(What is needed) In the material below, the required lines run from the one containing "norm (f a))" through the one containing "using f g summable_on_iff_abs_summable_on_complex". Copy those lines exactly, ends included, and nothing else.

(Supplied material)

•••••

(* Let $F,G$ be completely multiplicative functions and $s=x+iy$ with $x,y\in\mathbb{R}$ such that $D(F,s)$ and $D(G,\overline{s})$ converge absolutely. Then \[D(F,s)\,D(G,\overline{s})=D(F\times G,2x)\,D\big(F_{y}\,\square\,G_{-y},\,x\big),\] where $F_y(n)=F(n)n^{-iy}$ and $G_{-y}(n)=G(n)n^{iy}$.
   Context: A completely multiplicative function is $F:\mathbb{N}^\star\to\mathbb{C}$ with $F(1)=1$ and $F(ab)=F(a)F(b)$ for all $a,b$. $D(F,s)=\sum_{n\ge1}F(n)n^{-s}$; $n^{it}=e^{it\ln n}$. $(F\times G)(n)=F(n)G(n)$, and $(F\,\square\,G)(m)=\sum_{ab=m,\ \gcd(a,b)=1}F(a)G(b)$ (unitary convolution). *)

theory Defs
  imports "HOL-Analysis.Analysis"
begin

text \<open>Completely multiplicative arithmetic functions on the positive integers
  (values at 0 are irrelevant).\<close>
definition completely_multiplicative :: "(nat \<Rightarrow> complex) \<Rightarrow> bool" where
  "completely_multiplicative F \<longleftrightarrow>
     F 1 = 1 \<and> (\<forall>a b. 0 < a \<longrightarrow> 0 < b \<longrightarrow> F (a * b) = F a * F b)"

definition dir_term :: "(nat \<Rightarrow> complex) \<Rightarrow> complex \<Rightarrow> nat \<Rightarrow> complex" where
  "dir_term F s n = F n * (of_nat n) powr (- s)"

definition dirichlet_series :: "(nat \<Rightarrow> complex) \<Rightarrow> complex \<Rightarrow> complex" where
  "dirichlet_series F s = (\<Sum>n. dir_term F s (Suc n))"

definition abs_conv_dirichlet :: "(nat \<Rightarrow> complex) \<Rightarrow> complex \<Rightarrow> bool" where
  "abs_conv_dirichlet F s \<longleftrightarrow> summable (\<lambda>n. norm (dir_term F s (Suc n)))"

definition pmult :: "(nat \<Rightarrow> complex) \<Rightarrow> (nat \<Rightarrow> complex) \<Rightarrow> nat \<Rightarrow> complex" where
  "pmult F G n = F n * G n"

definition unitary_conv :: "(nat \<Rightarrow> complex) \<Rightarrow> (nat \<Rightarrow> complex) \<Rightarrow> nat \<Rightarrow> complex" where
  "unitary_conv F G m = (\<Sum>a\<in>{a. a dvd m \<and> coprime a (m div a)}. F a * G (m div a))"

definition twist :: "(nat \<Rightarrow> complex) \<Rightarrow> real \<Rightarrow> nat \<Rightarrow> complex" where
  "twist F t n = F n * (of_nat n) powr (- (\<i> * complex_of_real t))"

end

theory Submission imports Defs begin

text \<open>Since F and G are completely multiplicative, the term of D(F,s) D(G,t) at a pair (a,b)
  factors through d = gcd(a,b): writing a = d u and b = d v with u, v coprime, it equals
  F(d)G(d) d^(-(s+t)) times the term at (u,v). By absolute convergence the double sum therefore
  splits as D(F G, s+t) times the sum over coprime pairs. For s = x+iy and t = x-iy the term at a
  coprime pair (u,v) is F_y(u) G_{-y}(v) (uv)^(-x), and grouping coprime pairs by m = uv yields
  exactly the unitary convolution of F_y and G_{-y} at m.\<close>

definition coprime_pairs :: "(nat \<times> nat) set" where
  "coprime_pairs = {(u, v). 0 < u \<and> 0 < v \<and> coprime u v}"

lemma has_sum_product_complex:
  fixes f :: "'a \<Rightarrow> complex" and g :: "'b \<Rightarrow> complex"
  assumes f: "(f has_sum S) A" and g: "(g has_sum T) B"
  shows "((\<lambda>(a, b). f a * g b) has_sum S * T) (A \<times> B)"
proof -
  have af: "(\<lambda>a. norm (f a)) summable_on A" and ag: "(\<lambda>b. norm (g b)) summable_on B"
    using f g summable_on_iff_abs_summable_on_complex by (auto simp: summable_on_def)
  have "(\<lambda>z. norm ((\<lambda>(a, b). f a * g b) z)) summable_on A \<times> B"
  proof (subst Infinite_Sum.abs_summable_on_Sigma_iff, intro conjI ballI)
    fix a assume "a \<in> A"
    show "(\<lambda>b. norm (case (a, b) of (a, b) \<Rightarrow> f a * g b)) summable_on B"
      using summable_on_cmult_right[OF ag, of "norm (f a)"] by (simp add: norm_mult)
  next
    have "norm (\<Sum>\<^sub>\<infinity>b\<in>B. norm (case (a, b) of (a, b) \<Rightarrow> f a * g b))
          = norm (f a) * (\<Sum>\<^sub>\<infinity>b\<in>B. norm (g b))" for a
      by (simp add: norm_mult infsum_cmult_right' infsum_nonneg)
    then show "(\<lambda>a. norm (\<Sum>\<^sub>\<infinity>b\<in>B. norm (case (a, b) of (a, b) \<Rightarrow> f a * g b)))
               summable_on A"
      using summable_on_cmult_left[OF af] by simp
  qed
  then have summable: "(\<lambda>(a, b). f a * g b) summable_on A \<times> B"
    using summable_on_iff_abs_summable_on_complex by blast
  have "infsum (\<lambda>(a, b). f a * g b) (A \<times> B) = (\<Sum>\<^sub>\<infinity>a\<in>A. \<Sum>\<^sub>\<infinity>b\<in>B. f a * g b)"
    using infsum_Sigma_banach[OF summable] by simp
  also have "\<dots> = S * T"
    using f g by (simp add: infsum_cmult_right' infsum_cmult_left' infsumI)
  finally show ?thesis
    using summable by (simp add: has_sum_iff)
qed

lemma has_sum_Suc_iff: "((\<lambda>n. h (Suc n)) has_sum S) UNIV \<longleftrightarrow> (h has_sum S) {0<..}"
proof -
  have "range Suc = {0<..}"
    by (auto simp: image_iff gr0_conv_Suc)
  then show ?thesis
    using has_sum_reindex[of Suc UNIV h] by (simp add: o_def)
qed

lemma dirichlet_series_has_sum:
  assumes "abs_conv_dirichlet F s"
  shows "(dir_term F s has_sum dirichlet_series F s) {0<..}"
proof -
  have norm: "summable (\<lambda>n. norm (dir_term F s (Suc n)))"
    using assms unfolding abs_conv_dirichlet_def .
  then have "(\<lambda>n. dir_term F s (Suc n)) sums dirichlet_series F s"
    unfolding dirichlet_series_def by (rule summable_sums[OF summable_norm_cancel])
  with norm have "((\<lambda>n. dir_term F s (Suc n)) has_sum dirichlet_series F s) UNIV"
    by (rule norm_summable_imp_has_sum)
  then show ?thesis
    by (simp only: has_sum_Suc_iff)
qed

lemma dirichlet_series_eqI:
  assumes "(dir_term F s has_sum S) {0<..}"
  shows "dirichlet_series F s = S"
proof -
  have "((\<lambda>n. dir_term F s (Suc n)) has_sum S) UNIV"
    using assms by (simp only: has_sum_Suc_iff)
  then have "(\<lambda>n. dir_term F s (Suc n)) sums S"
    by (rule has_sum_imp_sums)
  then show ?thesis
    unfolding dirichlet_series_def by (rule sums_unique[symmetric])
qed

lemma of_nat_mult_powr: "(of_nat (a * b) :: complex) powr z = of_nat a powr z * of_nat b powr z"
  unfolding of_nat_mult by (rule powr_times_real) auto

lemma dir_term_mult:
  assumes "completely_multiplicative F" and "0 < a" and "0 < b"
  shows "dir_term F s (a * b) = dir_term F s a * dir_term F s b"
  using assms unfolding dir_term_def completely_multiplicative_def of_nat_mult_powr
  by simp

lemma dir_term_pmult: "dir_term (pmult F G) (s + t) n = dir_term F s n * dir_term G t n"
  unfolding dir_term_def pmult_def minus_add_distrib powr_add by simp

lemma dir_term_twist: "dir_term (twist F t) s n = dir_term F (s + \<i> * of_real t) n"
  unfolding dir_term_def twist_def minus_add_distrib powr_add by simp

lemma dir_term_unitary_conv:
  assumes "0 < m"
  shows "dir_term (unitary_conv F G) s m =
         (\<Sum>a | a dvd m \<and> coprime a (m div a). dir_term F s a * dir_term G s (m div a))"
  unfolding dir_term_def unitary_conv_def sum_distrib_right
proof (rule sum.cong)
  fix a assume "a \<in> {a. a dvd m \<and> coprime a (m div a)}"
  then have "of_nat m powr (- s) = of_nat a powr (- s) * of_nat (m div a) powr (- s)"
    by (simp flip: of_nat_mult_powr)
  then show "F a * G (m div a) * of_nat m powr - s
             = F a * of_nat a powr - s * (G (m div a) * of_nat (m div a) powr - s)"
    by simp
qed simp

lemma has_sum_gcd_reindex:
  fixes q :: "nat \<times> nat \<Rightarrow> 'a :: topological_comm_monoid_add"
  shows "((\<lambda>(d, u, v). q (d * u, d * v)) has_sum S) ({0<..} \<times> coprime_pairs) \<longleftrightarrow>
   (q has_sum S) ({0<..} \<times> {0<..})"
proof (rule has_sum_reindex_bij_witness[where j = "\<lambda>(d, u, v). (d * u, d * v)"
      and i = "\<lambda>(a, b). (gcd a b, a div gcd a b, b div gcd a b)"])
  fix z :: "nat \<times> nat \<times> nat" assume "z \<in> {0<..} \<times> coprime_pairs"
  then obtain d u v where z: "z = (d, u, v)" "0 < d" "0 < u" "0 < v" "coprime u v"
    by (auto simp: coprime_pairs_def)
  then have "gcd (d * u) (d * v) = d"
    by (simp flip: gcd_mult_distrib_nat)
  with z show "(\<lambda>(a, b). (gcd a b, a div gcd a b, b div gcd a b))
                 ((\<lambda>(d, u, v). (d * u, d * v)) z) = z"
    by simp
  show "(\<lambda>(d, u, v). (d * u, d * v)) z \<in> {0<..} \<times> {0<..}"
    using z by simp
next
  fix z :: "nat \<times> nat" assume "z \<in> {0<..} \<times> {0<..}"
  then obtain a b where z: "z = (a, b)" "0 < a" "0 < b"
    by auto
  then have "0 < gcd a b" "0 < a div gcd a b" "0 < b div gcd a b"
    by (auto simp: div_greater_zero_iff)
  moreover have "coprime (a div gcd a b) (b div gcd a b)"
    using z by (intro div_gcd_coprime) auto
  ultimately show "(\<lambda>(a, b). (gcd a b, a div gcd a b, b div gcd a b)) z
                     \<in> {0<..} \<times> coprime_pairs"
    using z by (simp add: coprime_pairs_def)
  show "(\<lambda>(d, u, v). (d * u, d * v)) ((\<lambda>(a, b). (gcd a b, a div gcd a b, b div gcd a b)) z)
          = z"
    using z by simp
qed auto

lemma has_sum_coprime_pairs_by_product:
  fixes r :: "nat \<times> nat \<Rightarrow> 'a :: {topological_comm_monoid_add, t3_space}"
  assumes "(r has_sum S) coprime_pairs"
  shows "((\<lambda>m. \<Sum>a | a dvd m \<and> coprime a (m div a). r (a, m div a)) has_sum S) {0<..}"
proof -
  define D where "D m = {a. a dvd m \<and> coprime a (m div a)}" for m :: nat
  have "(r has_sum S) coprime_pairs \<longleftrightarrow>
        ((\<lambda>(m, a). r (a, m div a)) has_sum S) (Sigma {0<..} D)"
  proof (rule has_sum_reindex_bij_witness[where j = "\<lambda>(u, v). (u * v, u)"
        and i = "\<lambda>(m, a). (a, m div a)"])
    fix z assume "z \<in> coprime_pairs"
    then obtain u v where z: "z = (u, v)" "0 < u" "0 < v" "coprime u v"
      by (auto simp: coprime_pairs_def)
    then show "(\<lambda>(m, a). (a, m div a)) ((\<lambda>(u, v). (u * v, u)) z) = z"
      and "(\<lambda>(u, v). (u * v, u)) z \<in> Sigma {0<..} D"
      and "(\<lambda>(m, a). r (a, m div a)) ((\<lambda>(u, v). (u * v, u)) z) = r z"
      by (simp_all add: D_def)
  next
    fix z :: "nat \<times> nat" assume "z \<in> Sigma {0<..} D"
    then obtain m a where z: "z = (m, a)" "0 < m" "a dvd m" "coprime a (m div a)"
      by (auto simp: D_def)
    then have "0 < a" "0 < m div a"
      by (auto simp: div_greater_zero_iff dest: dvd_imp_le intro: gr0I)
    with z show "(\<lambda>(m, a). (a, m div a)) z \<in> coprime_pairs"
      by (simp add: coprime_pairs_def)
    show "(\<lambda>(u, v). (u * v, u)) ((\<lambda>(m, a). (a, m div a)) z) = z"
      using z by simp
  qed auto
  with assms have Sigma: "((\<lambda>(m, a). r (a, m div a)) has_sum S) (Sigma {0<..} D)"
    by blast
  have finite: "finite (D m)" for m
    by (cases "m = 0")
       (auto simp: D_def intro: finite_subset[of _ "{..m}"] dest: dvd_imp_le)
  show ?thesis
    unfolding D_def[symmetric]
    by (rule has_sum_SigmaD[OF Sigma]) (use finite in \<open>auto intro: has_sum_finiteI\<close>)
qed

lemma dir_term_products_summable_on_coprime_pairs:
  assumes "abs_conv_dirichlet F s" and "abs_conv_dirichlet G t"
  shows "(\<lambda>(u, v). dir_term F s u * dir_term G t v) summable_on coprime_pairs"
proof (rule summable_on_subset_banach)
  show "(\<lambda>(u, v). dir_term F s u * dir_term G t v) summable_on {0<..} \<times> {0<..}"
    using has_sum_product_complex[OF assms[THEN dirichlet_series_has_sum]]
    by (auto simp: summable_on_def)
qed (auto simp: coprime_pairs_def)

lemma dirichlet_series_mult_eq_coprime_pairs:
  assumes F: "completely_multiplicative F" and G: "completely_multiplicative G"
    and conv: "abs_conv_dirichlet F s" "abs_conv_dirichlet G t"
  shows "dirichlet_series F s * dirichlet_series G t =
         dirichlet_series (pmult F G) (s + t) *
         (\<Sum>\<^sub>\<infinity>(u, v)\<in>coprime_pairs. dir_term F s u * dir_term G t v)"
proof -
  define P where "P = ({0<..} :: nat set)"
  define q where "q = (\<lambda>(u, v). dir_term F s u * dir_term G t v)"
  define h where "h = dir_term (pmult F G) (s + t)"
  have "(q has_sum dirichlet_series F s * dirichlet_series G t) (P \<times> P)"
    unfolding q_def P_def using has_sum_product_complex conv[THEN dirichlet_series_has_sum] .
  then have "((\<lambda>(d, u, v). q (d * u, d * v)) has_sum dirichlet_series F s * dirichlet_series G t)
               (P \<times> coprime_pairs)"
    unfolding P_def by (simp add: has_sum_gcd_reindex)
  also have "?this \<longleftrightarrow> ((\<lambda>(d, w). h d * q w) has_sum dirichlet_series F s * dirichlet_series G t)
               (P \<times> coprime_pairs)"
    by (intro has_sum_cong)
       (auto simp: P_def coprime_pairs_def q_def h_def dir_term_mult[OF F] dir_term_mult[OF G]
          dir_term_pmult)
  finally have split: "\<dots>" .
  have diagonal: "h = (\<lambda>d. q (d, d))"
    by (simp add: fun_eq_iff q_def h_def dir_term_pmult)
  have "q summable_on (\<lambda>d. (d, d)) ` P"
    by (rule summable_on_subset_banach[of _ "P \<times> P"])
       (use \<open>(q has_sum _) (P \<times> P)\<close> in \<open>auto simp: summable_on_def\<close>)
  then have h: "h summable_on P"
    unfolding diagonal by (subst (asm) summable_on_reindex) (auto simp: inj_on_def o_def)
  have "q summable_on coprime_pairs"
    unfolding q_def using conv by (rule dir_term_products_summable_on_coprime_pairs)
  with h have "((\<lambda>(d, w). h d * q w) has_sum infsum h P * infsum q coprime_pairs)
                 (P \<times> coprime_pairs)"
    by (intro has_sum_product_complex has_sum_infsum)
  with split have "dirichlet_series F s * dirichlet_series G t = infsum h P * infsum q coprime_pairs"
    by (rule has_sum_unique)
  moreover have "dirichlet_series (pmult F G) (s + t) = infsum h P"
    using h unfolding P_def h_def by (intro dirichlet_series_eqI has_sum_infsum)
  ultimately show ?thesis
    by (simp add: q_def)
qed

lemma dirichlet_series_unitary_conv:
  assumes "(\<lambda>(u, v). dir_term F s u * dir_term G s v) summable_on coprime_pairs"
  shows "dirichlet_series (unitary_conv F G) s =
         (\<Sum>\<^sub>\<infinity>(u, v)\<in>coprime_pairs. dir_term F s u * dir_term G s v)"
proof (rule dirichlet_series_eqI)
  have "((\<lambda>m. \<Sum>a | a dvd m \<and> coprime a (m div a). dir_term F s a * dir_term G s (m div a))
          has_sum (\<Sum>\<^sub>\<infinity>(u, v)\<in>coprime_pairs. dir_term F s u * dir_term G s v)) {0<..}"
    using has_sum_coprime_pairs_by_product[OF has_sum_infsum[OF assms]] by simp
  then show "(dir_term (unitary_conv F G) s has_sum
               (\<Sum>\<^sub>\<infinity>(u, v)\<in>coprime_pairs. dir_term F s u * dir_term G s v)) {0<..}"
    by (rule has_sum_cong[THEN iffD1, rotated]) (simp add: dir_term_unitary_conv)
qed

theorem mainTheorem13:
  fixes F G :: "nat \<Rightarrow> complex" and x y :: real
  assumes "completely_multiplicative F" and "completely_multiplicative G"
    and "abs_conv_dirichlet F (Complex x y)"
    and "abs_conv_dirichlet G (cnj (Complex x y))"
  shows "dirichlet_series F (Complex x y) * dirichlet_series G (cnj (Complex x y)) =
         dirichlet_series (pmult F G) (complex_of_real (2 * x)) *
         dirichlet_series (unitary_conv (twist F y) (twist G (- y))) (complex_of_real x)"
proof -
  have "Complex x y = of_real x + \<i> * of_real y"
    and "cnj (Complex x y) = of_real x + \<i> * of_real (- y)"
    by (simp_all add: complex_eq_iff)
  then have twisted: "dir_term F (Complex x y) = dir_term (twist F y) (of_real x)"
    "dir_term G (cnj (Complex x y)) = dir_term (twist G (- y)) (of_real x)"
    by (simp_all add: fun_eq_iff dir_term_twist)
  have "Complex x y + cnj (Complex x y) = of_real (2 * x)"
    by (simp add: complex_eq_iff)
  moreover have "(\<lambda>(u, v). dir_term (twist F y) (of_real x) u *
                            dir_term (twist G (- y)) (of_real x) v) summable_on coprime_pairs"
    using dir_term_products_summable_on_coprime_pairs[OF assms(3,4)] by (simp add: twisted)
  ultimately show ?thesis
    using dirichlet_series_mult_eq_coprime_pairs[OF assms] dirichlet_series_unitary_conv
    by (simp add: twisted)
qed

end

•••••

(Solution)
  have af: "(\<lambda>a. norm (f a)) summable_on A" and ag: "(\<lambda>b. norm (g b)) summable_on B"
    using f g summable_on_iff_abs_summable_on_complex by (auto simp: summable_on_def)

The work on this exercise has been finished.